Evaluation Best Practices

  • Build eval set of 20+ Q&A pairs before advanced optimization.
  • Metrics: ROUGE (quick), BERTScore (semantic similarity), GPT-4 as evaluator (human-like judgment).
  • Separate evaluation on high-stakes "tail" queries from aggregate metrics.
  • Use evals to monitor prompt performance across model upgrades.

Structured Outputs

  • Use response_format: json_schema to enforce JSON output schemas.
  • Eliminates format retries entirely.
  • Reduces output tokens (structured output is more concise than prose).
  • Works with: GPT-4.1+, GPT-5, GPT-5 mini, o-series.

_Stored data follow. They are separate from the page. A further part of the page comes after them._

text \<open>The cuts of the slice with respect to a regular predicate \<open>c\<close> are exactly the
  non-trivial cuts satisfying \<open>c\<close> together with \<open>{}\<close> and \<open>E\<close> (Birkhoff's representation
  of the finite ring of sets they form). An \<open>F\<^sub>m\<^sub>a\<^sub>x\<close>-edge from \<open>e\<close> ends on \<open>p\<^sub>i\<close> no earlier
  than \<open>F\<^sub>b\<^sub>k(e)[i]\<close>, which \<open>e\<close> reaches in the slice for \<open>b\<^sub>k\<close>; hence every cut satisfying
  \<open>b\<^sub>1\<close> or \<open>b\<^sub>2\<close> is a cut of \<open>S\<^sub>m\<^sub>a\<^sub>x\<close>, and since these cuts form a lattice, so is every cut
  satisfying \<open>reg(b\<^sub>1 \<or> b\<^sub>2)\<close>. Conversely, a cut \<open>C\<close> of \<open>S\<^sub>m\<^sub>a\<^sub>x\<close> is the union over
  \<open>e \<in> C\<close> of the intersection of the down-sets of \<open>e\<close> in the two slices, and each such
  intersection is a cut of the slice for \<open>reg(b\<^sub>1 \<or> b\<^sub>2)\<close>.\<close>

lemma cuts_rtrancl_closed:
  assumes "C \<in> cuts V G" "(x, y) \<in> G\<^sup>*" "y \<in> C"
  shows "x \<in> C"
  using assms(2,3)
proof (induction rule: converse_rtrancl_induct)
  case (step x z)
  then show ?case using assms(1) unfolding cuts_def by blast
qed

lemma cuts_Int: "A \<in> cuts V G \<Longrightarrow> B \<in> cuts V G \<Longrightarrow> A \<inter> B \<in> cuts V G"
  unfolding cuts_def by blast

lemma cuts_Union: "F \<subseteq> cuts V G \<Longrightarrow> \<Union>F \<in> cuts V G"
  unfolding cuts_def by blast

lemma rtrancl_predecessors_in_cuts:
  assumes "G \<subseteq> V \<times> V"
  shows "{u \<in> V. (u, e) \<in> G\<^sup>*} \<in> cuts V G"
  using assms unfolding cuts_def by (auto intro: converse_rtrancl_into_rtrancl)

lemma nth_downward_closed:
  assumes step: "\<And>m. Suc m < length xs \<Longrightarrow> xs ! Suc m \<in> C \<Longrightarrow> xs ! m \<in> C"
    and "k \<le> l" "l < length xs" "xs ! l \<in> C"
  shows "xs ! k \<in> C"
  using assms(2-4) by (induction k rule: inc_induct) (auto intro: step)

lemma finite_Inter_closed:
  assumes "finite F" "F \<noteq> {}" "F \<subseteq> L" "\<And>A B. A \<in> L \<Longrightarrow> B \<in> L \<Longrightarrow> A \<inter> B \<in> L"
  shows "\<Inter>F \<in> L"
  using assms(1-3) by (induction F rule: finite_ne_induct) (auto intro: assms(4))

lemma finite_Union_closed:
  assumes "finite F" "F \<subseteq> L" "{} \<in> L" "\<And>A B. A \<in> L \<Longrightarrow> B \<in> L \<Longrightarrow> A \<union> B \<in> L"
  shows "\<Union>F \<in> L"
  using assms(1,2) by (induction F rule: finite_induct) (auto intro: assms(3,4))

text \<open>Birkhoff: a finite ring of sets is the set of cuts of the preorder
  ``every member containing \<open>v\<close> contains \<open>u\<close>''.\<close>

lemma ring_of_sets_eq_cuts:
  assumes "finite V" "L \<subseteq> Pow V" "{} \<in> L" "V \<in> L"
    and Int_closed: "\<And>A B. A \<in> L \<Longrightarrow> B \<in> L \<Longrightarrow> A \<inter> B \<in> L"
    and Un_closed: "\<And>A B. A \<in> L \<Longrightarrow> B \<in> L \<Longrightarrow> A \<union> B \<in> L"
  shows "\<exists>H \<subseteq> V \<times> V. cuts V H = L"
proof (intro exI conjI)
  define H where "H = {(u, v) \<in> V \<times> V. \<forall>C\<in>L. v \<in> C \<longrightarrow> u \<in> C}"
  show "H \<subseteq> V \<times> V" unfolding H_def by auto
  show "cuts V H = L"
  proof
    show "L \<subseteq> cuts V H" using assms(2) unfolding H_def cuts_def by auto
  next
    show "cuts V H \<subseteq> L"
    proof
      fix C assume C: "C \<in> cuts V H"
      then have "C \<subseteq> V" unfolding cuts_def by auto
      define D where "D x = \<Inter>{A \<in> L. x \<in> A}" for x
      have "finite L" using assms(1,2) by (meson finite_Pow_iff finite_subset)
      have DL: "D x \<in> L" if "x \<in> V" for x
        unfolding D_def by (rule finite_Inter_closed) (use \<open>finite L\<close> that assms(4) Int_closed in auto)
      have "D x \<subseteq> C" if "x \<in> C" for x
      proof
        fix u assume "u \<in> D x"
        then have "(u, x) \<in> H" using that \<open>C \<subseteq> V\<close> assms(4) unfolding D_def H_def by blast
        then show "u \<in> C" using C that unfolding cuts_def by blast
      qed
      then have "C = \<Union>(D ` C)" unfolding D_def by blast
      also have "\<dots> \<in> L"
        using DL \<open>C \<subseteq> V\<close> finite_subset[OF \<open>C \<subseteq> V\<close> assms(1)]
        by (intro finite_Union_closed) (auto intro: assms(3) Un_closed)
      finally show "C \<in> L" .
    qed
  qed
qed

Relevance for Our Subagent Prompts

For GPT models (copilot-gpt-* subagents)

  • Use developer role for system/role instructions.
  • Include few-shot examples for structured output tasks.
  • Use response_format: json_schema for any scored/structured council output.
  • For simple advisory tasks: gpt-5-mini or gpt-4.1 is appropriate.
  • Reserve gpt-5.2+ for complex reasoning tasks.

For reasoning models (o3, o4-mini)

  • Don't over-specify reasoning steps — model handles internally.
  • Use for tasks requiring deep analysis or multi-step planning.
  • Much slower and more expensive — use sparingly.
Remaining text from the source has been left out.